#### What is being asked:
Go through the material below and state how many lines include "induction", giving the number only.

#### Dataset:

______

(* Let $m\ge n$ be positive integers and set $$A_{m,n}=\sum_{i,j\ge1}p_{i+j}\,Q_{m-i}(\alpha)\,Q_{n-j}(\alpha)=\sum_\lambda b_\lambda q_\lambda(\alpha).$$ Then $b_\lambda=\big[m'(1-\delta_{m,m'})-n'\big]\alpha$ if $\lambda=(m',n')$ is a partition with at most two parts (with $n'\ge0$) satisfying $\lambda\ge(m,n)$ in dominance order, and $b_\lambda=0$ otherwise.
   Context: $F=\mathbb{Q}(\alpha)$, $\Lambda_F=F[p_1,p_2,\dots]$ with $p_n$ the power sums. For a partition $\lambda$, $l(\lambda)$ is its number of parts and $z_\lambda=\prod_i i^{m_i}m_i!$ with $m_i$ the multiplicity of $i$. $Q_n(\alpha)=\sum_{\lambda\vdash n}\alpha^{-l(\lambda)}z_\lambda^{-1}p_\lambda$ for $n\ge1$, $Q_0=1$, $Q_n=0$ for $n<0$; $q_\lambda=Q_{\lambda_1}Q_{\lambda_2}\cdots$ (a basis of $\Lambda_F$). Dominance order: $\lambda\ge\mu$ iff $|\lambda|=|\mu|$ and $\lambda_1+\dots+\lambda_i\ge\mu_1+\dots+\mu_i$ for all $i$. (In the paper $A_{m,n}$ is written as $\sum_{i,j\ge1}h_{-(i+j)}(h_i.Q_m)(h_j.Q_n)$ with $h_{-k}$ multiplication by $p_k$ and $h_k=k\alpha\,\partial/\partial p_k$, which satisfy $h_i.Q_m=Q_{m-i}$.) *)

theory Defs
  imports Main "HOL-Library.Poly_Mapping" "HOL-Computational_Algebra.Polynomial"
    "HOL-Computational_Algebra.Fraction_Field"
begin

type_synonym F = "rat poly fract"

definition alpha :: F where
  "alpha = Fract [:0, 1:] 1"

text \<open>Lambda_F = F[p_1, p_2, ...]: polynomials in countably many variables p_k,
  monomials are finitely supported exponent vectors (finitely supported nat to nat maps).\<close>
type_synonym Lam = "(nat \<Rightarrow>\<^sub>0 nat) \<Rightarrow>\<^sub>0 F"

definition const :: "F \<Rightarrow> Lam" where
  "const c = Poly_Mapping.single 0 c"

definition p :: "nat \<Rightarrow> Lam" where
  "p k = Poly_Mapping.single (Poly_Mapping.single k 1) 1"

definition partitions :: "nat \<Rightarrow> nat list set" where
  "partitions N = {ls. sorted_wrt (\<ge>) ls \<and> (\<forall>x\<in>set ls. 0 < x) \<and> sum_list ls = N}"

definition p_part :: "nat list \<Rightarrow> Lam" where
  "p_part lam = prod_list (map p lam)"

definition z :: "nat list \<Rightarrow> nat" where
  "z lam = (\<Prod>i\<in>set lam. i ^ count_list lam i * fact (count_list lam i))"

definition Q :: "int \<Rightarrow> Lam" where
  "Q k = (if k < 0 then 0 else if k = 0 then 1 else
     (\<Sum>lam\<in>partitions (nat k).
        const (inverse (alpha ^ length lam) / of_nat (z lam)) * p_part lam))"

definition q :: "nat list \<Rightarrow> Lam" where
  "q lam = prod_list (map (\<lambda>k. Q (int k)) lam)"

text \<open>Dominance order on partitions (trailing zeros irrelevant).\<close>
definition dominates :: "nat list \<Rightarrow> nat list \<Rightarrow> bool" where
  "dominates lam mu \<longleftrightarrow> sum_list lam = sum_list mu \<and>
     (\<forall>i. sum_list (take i mu) \<le> sum_list (take i lam))"

text \<open>A_{m,n}; terms with i > m or j > n vanish since Q_k = 0 for k < 0.\<close>
definition A :: "nat \<Rightarrow> nat \<Rightarrow> Lam" where
  "A m n = (\<Sum>i\<in>{1..m}. \<Sum>j\<in>{1..n}. p (i + j) * Q (int m - int i) * Q (int n - int j))"

text \<open>The claimed coefficient b_lambda; lambda = (m', n') with n' = 0 allowed.\<close>
definition b :: "nat \<Rightarrow> nat \<Rightarrow> nat list \<Rightarrow> F" where
  "b m n lam = (if length lam \<le> 2 \<and> dominates lam [m, n] then
     (let m' = (lam @ [0, 0]) ! 0; n' = (lam @ [0, 0]) ! 1 in
       (of_nat m' * (if m = m' then 0 else 1) - of_nat n') * alpha)
     else 0)"

end

theory Submission
  imports Defs "HOL-Library.Multiset"
begin

text \<open>
  Q_N is the coefficient of t^N in exp (\<Sum>_k p_k t^k / (\<alpha> k)), so it satisfies Newton's
  recurrence \<Sum>_{k \<ge> 1} p_k Q_{N-k} = \<alpha> N Q_N. On the defining sum over partitions this is
  a bijection: deleting a part k from \<lambda> multiplies \<alpha>^{-l(\<lambda>)} / z_\<lambda> by \<alpha> k m_k(\<lambda>),
  and \<Sum>_k k m_k(\<lambda>) = N.

  Regard A_{a,b} = \<Sum>_{i,j \<ge> 1} p_{i+j} Q_{a-i} Q_{b-j} as defined for all integers a, b.
  Applying the recurrence once in each index gives
  A_{a,b} - A_{a+1,b-1} = \<alpha> (a+1) Q_{a+1} Q_{b-1} - \<alpha> b Q_a Q_b. Telescoping from (m, n) to
  (m + n, 0), where A vanishes, expresses A_{m,n} through the products
  Q_{m+r} Q_{n-r} = q_{(m+r, n-r)}, 0 \<le> r \<le> n; these are exactly the q_\<lambda> for the partitions
  \<lambda> \<ge> (m, n) with at most two parts.
\<close>

lemma alpha_nonzero: "alpha \<noteq> 0"
  unfolding alpha_def by (simp add: Zero_fract_def eq_fract)

lemma of_nat_F_eq_0_iff: "(of_nat k :: F) = 0 \<longleftrightarrow> k = 0"
  by (simp add: of_nat_fract Zero_fract_def eq_fract)

lemma const_0 [simp]: "const 0 = 0"
  unfolding const_def by simp

lemma const_1 [simp]: "const 1 = 1"
  unfolding const_def by simp

lemma const_add: "const (x + y) = const x + const y"
  unfolding const_def by (simp add: single_add)

lemma const_diff: "const (x - y) = const x - const y"
  unfolding const_def by (simp add: single_diff)

lemma const_mult: "const (x * y) = const x * const y"
  unfolding const_def by (simp add: mult_single)

lemma const_sum: "const (sum f S) = (\<Sum>x\<in>S. const (f x))"
  by (induction S rule: infinite_finite_induct) (auto simp: const_add)

lemma partitions_iff:
  "lam \<in> partitions N \<longleftrightarrow> sorted_wrt (\<ge>) lam \<and> 0 \<notin> set lam \<and> sum_list lam = N"
  unfolding partitions_def by (auto intro!: gr0I)

lemma partitions_0: "partitions 0 = {[]}"
  by (auto simp: partitions_iff) (metis list.set_sel(1))

lemma finite_partitions: "finite (partitions N)"
proof -
  have "length lam \<le> sum_list lam" if "0 \<notin> set lam" for lam :: "nat list"
    using that by (induction lam) (auto simp: Suc_le_eq)
  then have "partitions N \<subseteq> {xs. set xs \<subseteq> {..N} \<and> length xs \<le> N}"
    using member_le_sum_list by (fastforce simp: partitions_iff)
  then show ?thesis
    by (rule finite_subset) (rule finite_lists_length_le, simp)
qed

lemma sorted_wrt_ge_mset_eq:
  fixes xs ys :: "'a::linorder list"
  assumes "sorted_wrt (\<ge>) xs" "sorted_wrt (\<ge>) ys" "mset xs = mset ys"
  shows "xs = ys"
proof -
  have "sort (rev ys) = rev xs"
    using assms by (intro properties_for_sort) (simp_all add: sorted_wrt_rev)
  moreover have "sort (rev ys) = rev ys"
    using assms by (intro properties_for_sort) (simp_all add: sorted_wrt_rev)
  ultimately show ?thesis by simp
qed

lemma sorted_wrt_remove1: "sorted_wrt P xs \<Longrightarrow> sorted_wrt P (remove1 x xs)"
  by (induction xs) (auto dest: subsetD[OF set_remove1_subset])

definition insert_part :: "nat \<Rightarrow> nat list \<Rightarrow> nat list" where
  "insert_part k mu = rev (insort k (rev mu))"

lemma sorted_insert_part: "sorted_wrt (\<ge>) mu \<Longrightarrow> sorted_wrt (\<ge>) (insert_part k mu)"
  unfolding insert_part_def by (simp add: sorted_wrt_rev sorted_insort)
lemma gap_bound_Suc_le:
  "gap_bound (Suc k) - gap_bound k + (qdnorm Q (g (x (Suc k))))\<^sup>2 / L
     \<le> g (x (Suc k)) \<bullet> (x (Suc k) - y (Suc k))"
proof -
  let ?g = "g (x k)" and ?g' = "g (x (Suc k))"
  let ?p = "?g' \<bullet> (matrix_inv Q *v ?g)"
  have "f (x (Suc k)) + (?g' \<bullet> x k - ?g' \<bullet> x (Suc k)) + (qdnorm Q (?g - ?g'))\<^sup>2 / (2 * L)
      \<le> f (x k)"
    using cocoercivity[where a = "x k" and b = "x (Suc k)"] by (simp add: inner_diff_right)
  moreover have "(qdnorm Q (?g - ?g'))\<^sup>2 / (2 * L)
      = (qdnorm Q ?g)\<^sup>2 / (2 * L) - ?p / L + (qdnorm Q ?g')\<^sup>2 / (2 * L)"
    using qdnorm_diff_square[of ?g ?g'] inner_matrix_inv_commute[of ?g ?g'] L_pos
    by (simp add: field_simps)
  moreover have "?g' \<bullet> (x (Suc k) - y (Suc k)) = ?g' \<bullet> x (Suc k) - ?g' \<bullet> x k + ?p / L"
    unfolding y_Suc by (simp add: inner_diff_right)
  moreover have "(qdnorm Q ?g')\<^sup>2 / L = 2 * ((qdnorm Q ?g')\<^sup>2 / (2 * L))"
    by simp
  ultimately show ?thesis
    unfolding gap_bound_def by linarith
qed

lemma \<theta>_Suc_ge_1: "1 \<le> \<theta> (Suc k)"
proof -
  have "0 \<le> \<theta> (Suc k) * (\<theta> (Suc k) - 1)"
    using \<theta>_Suc_lower[of k] by (simp add: algebra_simps power2_eq_square)
  then show ?thesis
    using \<theta>_pos[of "Suc k"] by (simp add: zero_le_mult_iff)
qed

lemma z_Suc_minus_minimizer:
  "z (Suc k) - xs = (x (Suc k) - xs) + (\<theta> (Suc k) - 1) *\<^sub>R (x (Suc k) - y (Suc k))"
proof -
  have "\<theta> (Suc k) *\<^sub>R x (Suc k) = (\<theta> (Suc k) - 1) *\<^sub>R y (Suc k) + z (Suc k)"
    using \<theta>_pos[of "Suc k"] unfolding x_Suc by (simp add: algebra_simps)
  then show ?thesis
    by (simp add: algebra_simps)
qed

lemma inner_gradient_z_Suc_ge:
  "(\<theta> (Suc k))\<^sup>2 * (gap_bound (Suc k) + (qdnorm Q (g (x (Suc k))))\<^sup>2 / L)
     - ((\<theta> (Suc k))\<^sup>2 - \<theta> (Suc k)) * gap_bound k
   \<le> \<theta> (Suc k) * (g (x (Suc k)) \<bullet> (z (Suc k) - xs))"
proof -
  define \<theta>' where "\<theta>' = \<theta> (Suc k)"
  define D where "D = (qdnorm Q (g (x (Suc k))))\<^sup>2 / L"
  have "\<theta>'\<^sup>2 * (gap_bound (Suc k) + D) - (\<theta>'\<^sup>2 - \<theta>') * gap_bound k
      = \<theta>' * (gap_bound (Suc k) + D) + (\<theta>' * (\<theta>' - 1)) * (gap_bound (Suc k) - gap_bound k + D)"
    by (simp add: algebra_simps power2_eq_square)
  also have "\<dots> \<le> \<theta>' * (g (x (Suc k)) \<bullet> (x (Suc k) - xs))
        + (\<theta>' * (\<theta>' - 1)) * (g (x (Suc k)) \<bullet> (x (Suc k) - y (Suc k)))"
    using gap_bound_le_inner_gradient gap_bound_Suc_le \<theta>_pos[of "Suc k"] \<theta>_Suc_ge_1[of k]
    unfolding \<theta>'_def D_def by (intro add_mono mult_left_mono) auto
  also have "\<dots> = \<theta>' * (g (x (Suc k)) \<bullet> (z (Suc k) - xs))"
    unfolding z_Suc_minus_minimizer \<theta>'_def by (simp add: inner_add_right algebra_simps)
  finally show ?thesis
    unfolding \<theta>'_def D_def .
qed

lemma scaled_dist_z_Suc:
  "L / (4 * t) * (qnorm Q (z (Suc k) - xs))\<^sup>2
     = L / (4 * t) * (qnorm Q (z k - xs))\<^sup>2 - \<theta> k * (g (x k) \<bullet> (z k - xs))
       + t * (\<theta> k)\<^sup>2 * (qdnorm Q (g (x k)))\<^sup>2 / L"
proof -
  have "z (Suc k) - xs = (z k - xs) - (2 * t * \<theta> k / L) *\<^sub>R (matrix_inv Q *v g (x k))"
    unfolding z_Suc by simp
  then have "(qnorm Q (z (Suc k) - xs))\<^sup>2 = (qnorm Q (z k - xs))\<^sup>2
      - 2 * (2 * t * \<theta> k / L) * (g (x k) \<bullet> (z k - xs)) + (2 * t * \<theta> k / L)\<^sup>2 * (qdnorm Q (g (x k)))\<^sup>2"
    by (simp only: qnorm_diff_scaled_dual_square)
  then show ?thesis
    using L_pos t_pos by (simp add: field_simps power2_eq_square)
qed

lemma potential_0_le: "potential 0 \<le> L / (4 * t) * (qnorm Q (x 0 - xs))\<^sup>2"
proof -
  have "potential 0 = gap_bound 0 + L / (4 * t) * (qnorm Q (x 0 - xs))\<^sup>2
      - g (x 0) \<bullet> (x 0 - xs) + t * (qdnorm Q (g (x 0)))\<^sup>2 / L"
    unfolding potential_def scaled_dist_z_Suc \<theta>_0 z_0 by simp
  moreover have "t * (qdnorm Q (g (x 0)))\<^sup>2 / L \<le> (qdnorm Q (g (x 0)))\<^sup>2 / L"
    using t_pos t_le_1 L_pos by (intro divide_right_mono mult_left_le_one_le) auto
  ultimately show ?thesis
    using gap_bound_le_inner_gradient[of 0] by linarith
qed

lemma potential_Suc_le: "potential (Suc k) \<le> potential k"
proof -
  let ?\<theta> = "\<theta> (Suc k)" and ?D = "(qdnorm Q (g (x (Suc k))))\<^sup>2 / L"
  have "potential (Suc k) = ?\<theta>\<^sup>2 * gap_bound (Suc k) + L / (4 * t) * (qnorm Q (z (Suc k) - xs))\<^sup>2
      - ?\<theta> * (g (x (Suc k)) \<bullet> (z (Suc k) - xs)) + t * ?\<theta>\<^sup>2 * ?D"
    unfolding potential_def scaled_dist_z_Suc[of "Suc k"] by simp
  also have "\<dots> \<le> L / (4 * t) * (qnorm Q (z (Suc k) - xs))\<^sup>2
      + (?\<theta>\<^sup>2 - ?\<theta>) * gap_bound k - (1 - t) * ?\<theta>\<^sup>2 * ?D"
    using inner_gradient_z_Suc_ge[of k] by (simp add: algebra_simps)
  also have "\<dots> \<le> potential k"
  proof -
    have "(?\<theta>\<^sup>2 - ?\<theta>) * gap_bound k \<le> (\<theta> k)\<^sup>2 * gap_bound k"
      using \<theta>_Suc_upper gap_bound_nonneg by (rule mult_right_mono)
    moreover have "0 \<le> (1 - t) * ?\<theta>\<^sup>2 * ?D"
      using t_le_1 L_pos by simp
    ultimately show ?thesis
      unfolding potential_def by linarith
  qed
  finally show ?thesis .
qed

lemma potential_le: "potential k \<le> L / (4 * t) * (qnorm Q (x 0 - xs))\<^sup>2"
proof (induction k)
  case 0
  show ?case by (rule potential_0_le)
next
  case (Suc k)
  then show ?case
    using potential_Suc_le[of k] by linarith
qed

theorem convergence_rate:
  "f (y (Suc k)) - f xs \<le> L * (qnorm Q (x 0 - xs))\<^sup>2 / (4 * t * (\<theta> k)\<^sup>2)"
proof -
  have "(\<theta> k)\<^sup>2 * (f (y (Suc k)) - f xs) \<le> (\<theta> k)\<^sup>2 * gap_bound k"
    using f_y_Suc_le_gap_bound by (simp add: mult_left_mono)
  also have "\<dots> \<le> potential k"
    unfolding potential_def using L_pos t_pos by simp
  also have "\<dots> \<le> L / (4 * t) * (qnorm Q (x 0 - xs))\<^sup>2"
    by (rule potential_le)
  finally show ?thesis
    using \<theta>_pos[of k] t_pos by (simp add: field_simps)
qed

end

theorem corollary5:
  fixes Q :: "real^'n^'n" and f :: "real^'n \<Rightarrow> real" and g :: "real^'n \<Rightarrow> real^'n"
    and L t :: real and xs :: "real^'n" and \<theta> :: "nat \<Rightarrow> real"
    and x y z :: "nat \<Rightarrow> real^'n"
  assumes Q_sym: "transpose Q = Q"
    and Q_pd: "\<forall>v. v \<noteq> 0 \<longrightarrow> v \<bullet> (Q *v v) > 0"
    and f_convex: "convex_on UNIV f"
    and f_grad: "\<forall>u. (f has_derivative (\<lambda>h. g u \<bullet> h)) (at u)"
    and L_pos: "L > 0"
    and g_lip: "\<forall>u v. qdnorm Q (g u - g v) \<le> L * qnorm Q (u - v)"
    and xs_min: "\<forall>u. f xs \<le> f u"
    and t_pos: "0 < t" and t_le: "t \<le> 1"
    and \<theta>_pos: "\<forall>k. \<theta> k > 0"
    and \<theta>_0: "\<theta> 0 = 1"
    and \<theta>_rec: "\<forall>k. 0 \<le> (\<theta> (Suc k))\<^sup>2 - \<theta> (Suc k) \<and> (\<theta> (Suc k))\<^sup>2 - \<theta> (Suc k) \<le> (\<theta> k)\<^sup>2"
    and z_0: "z 0 = x 0"
    and y_step: "\<forall>k. y (Suc k) = x k - (1 / L) *\<^sub>R (matrix_inv Q *v g (x k))"
    and z_step: "\<forall>k. z (Suc k) = z k - (2 * t * \<theta> k / L) *\<^sub>R (matrix_inv Q *v g (x k))"
    and x_step: "\<forall>k. x (Suc k) = (1 - 1 / \<theta> (Suc k)) *\<^sub>R y (Suc k) + (1 / \<theta> (Suc k)) *\<^sub>R z (Suc k)"
  shows "\<forall>k\<ge>1. f (y k) - f xs \<le> L * (qnorm Q (x 0 - xs))\<^sup>2 / (4 * t * (\<theta> (k - 1))\<^sup>2)"
proof (intro allI impI)
  interpret accelerated_gradient_method Q f g L t \<theta> x y z xs
    using assms by unfold_locales auto
  fix k :: nat
  assume "k \<ge> 1"
  then obtain m where "k = Suc m"
    by (cases k) auto
  then show "f (y k) - f xs \<le> L * (qnorm Q (x 0 - xs))\<^sup>2 / (4 * t * (\<theta> (k - 1))\<^sup>2)"
    using convergence_rate[of m] by simp
qed

end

______

#### Written response:
4